0
votes

I have estimated ~500 million rows data with 5 million unique numbers. My query must get data by number and event_date. number as partition key, there will be 5 million partitions. I think it is not good that exists a lot of small partitions and timeouts occurs during query. I'm in trouble with defining partition key. I have found some synthetic sharding strategies, but couldn't apply for my model. I can define partition key by mod number, but then rows aren't distributed balanced among partitions.

How can I model this for reducing or is it necessary to reducing partition count? Is there any partition count limit?

CREATE TABLE events_by_number_and_date (
  number bigint,
  event_date int, /*eg. 20200520*/
  event text,
  col1 int,
  col2 decimal
  PRIMARY KEY (number, event_date)
);
1
what queries are executed? Most probably, the timeouts are not from the number of partitionsAlex Ott
only select count(*) events_by_number_and_date; throws Cassandra timeout during read query at consistency LOCAL_ONE (1 responses were required but only 0 replica responded)nikli

1 Answers

1
votes

For your query, change of the data model won't help, as you're using the query that is unsuitable for Cassandra. Although Cassandra supports aggregations, such as, max, count, avg, sum, ..., they are designed for work inside single partition, and not designed to work in the whole cluster. If you issue them without restriction on the partition key, coordinating node, need to reach every node in the cluster, and they will need to go through all the data in the cluster.

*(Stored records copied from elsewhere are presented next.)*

lemma subset_expect_max_block_sum_diag_le:
  fixes A :: "nat \<Rightarrow> nat \<Rightarrow> real"
  assumes "0 \<le> p" "p \<le> 1"
  shows "subset_expect {..<n} p (\<lambda>Q. max_block_sum A Q Q)
    \<le> 4 * p\<^sup>2 * cut_norm {..<n} A + 8 * p * sqrt (2 * p) * sqrt n * frob_norm n A
      + p * (\<Sum>i<n. \<bar>A i i\<bar>)"
proof -
  let ?N = "{..<n}"
  let ?c = "p\<^sup>2 * cut_norm ?N A + p * sqrt (2 * p) * (2 * (sqrt n * frob_norm n A))"
  let ?across = "\<lambda>L. subset_expect ?N p (\<lambda>Q. max_block_sum A (Q \<inter> L) (Q - L))"
  have "subset_expect ?N p (\<lambda>Q. max_block_sum A Q Q)
      \<le> subset_expect ?N p (\<lambda>Q. 4 * subset_expect ?N (1/2) (\<lambda>L. max_block_sum A (Q \<inter> L) (Q - L))
          + (\<Sum>i\<in>Q. \<bar>A i i\<bar>))"
    using assms by (intro subset_expect_mono max_block_sum_diag_decouple) auto
  also have "\<dots> = 4 * subset_expect ?N (1/2) ?across + p * (\<Sum>i<n. \<bar>A i i\<bar>)"
    by (simp add: subset_expect_add subset_expect_cmult subset_expect_sum_elements subset_expect_swap[of ?N p])
  also have "\<dots> \<le> 4 * ?c + p * (\<Sum>i<n. \<bar>A i i\<bar>)"
    using subset_expect_mono[of "1/2" ?N ?across "\<lambda>_. ?c"]
      subset_expect_max_block_sum_across_le[OF assms, of n A]
    by (simp add: subset_expect_const)
  finally show ?thesis
    by (simp add: algebra_simps)
qed

theorem expectation_cut_norm_random_subset_le:
  fixes A :: "nat \<Rightarrow> nat \<Rightarrow> real"
  assumes "0 \<le> p" "p \<le> 1"
  shows "measure_pmf.expectation (random_subset n p) (\<lambda>Q. cut_norm Q A)
    \<le> 8 * p\<^sup>2 * cut_norm {..<n} A + 16 * p * sqrt (2 * p) * sqrt n * frob_norm n A
      + 2 * p * (\<Sum>i<n. \<bar>A i i\<bar>)"
proof -
  let ?b = "4 * p\<^sup>2 * cut_norm {..<n} A + 8 * p * sqrt (2 * p) * sqrt n * frob_norm n A
    + p * (\<Sum>i<n. \<bar>A i i\<bar>)"
  have "measure_pmf.expectation (random_subset n p) (\<lambda>Q. cut_norm Q A)
      \<le> subset_expect {..<n} p (\<lambda>Q. max_block_sum A Q Q)
        + subset_expect {..<n} p (\<lambda>Q. max_block_sum (\<lambda>i j. - A i j) Q Q)"
    unfolding expectation_random_subset[OF assms] subset_expect_add[symmetric]
    using assms by (intro subset_expect_mono cut_norm_le_max_block_sum)
      (auto intro: finite_subset[OF _ finite_lessThan])
  also have "\<dots> \<le> ?b + ?b"
    using subset_expect_max_block_sum_diag_le[OF assms, of n A]
      subset_expect_max_block_sum_diag_le[OF assms, of n "\<lambda>i j. - A i j"]
    unfolding cut_norm_uminus frob_norm_uminus abs_minus_cancel by (rule add_mono)
  finally show ?thesis
    by (simp add: algebra_simps)
qed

You can still do this kind of query, but it's better to use something like Spark to do that, as it's heavily optimized for parallel data processing, and Spark Cassandra Connector is able to correctly perform querying of the data. If you can't use Spark, you can implement your own full token range scan, using code similar to this. But in any case, don't expect that there will be a "real-time" answer (< 1sec).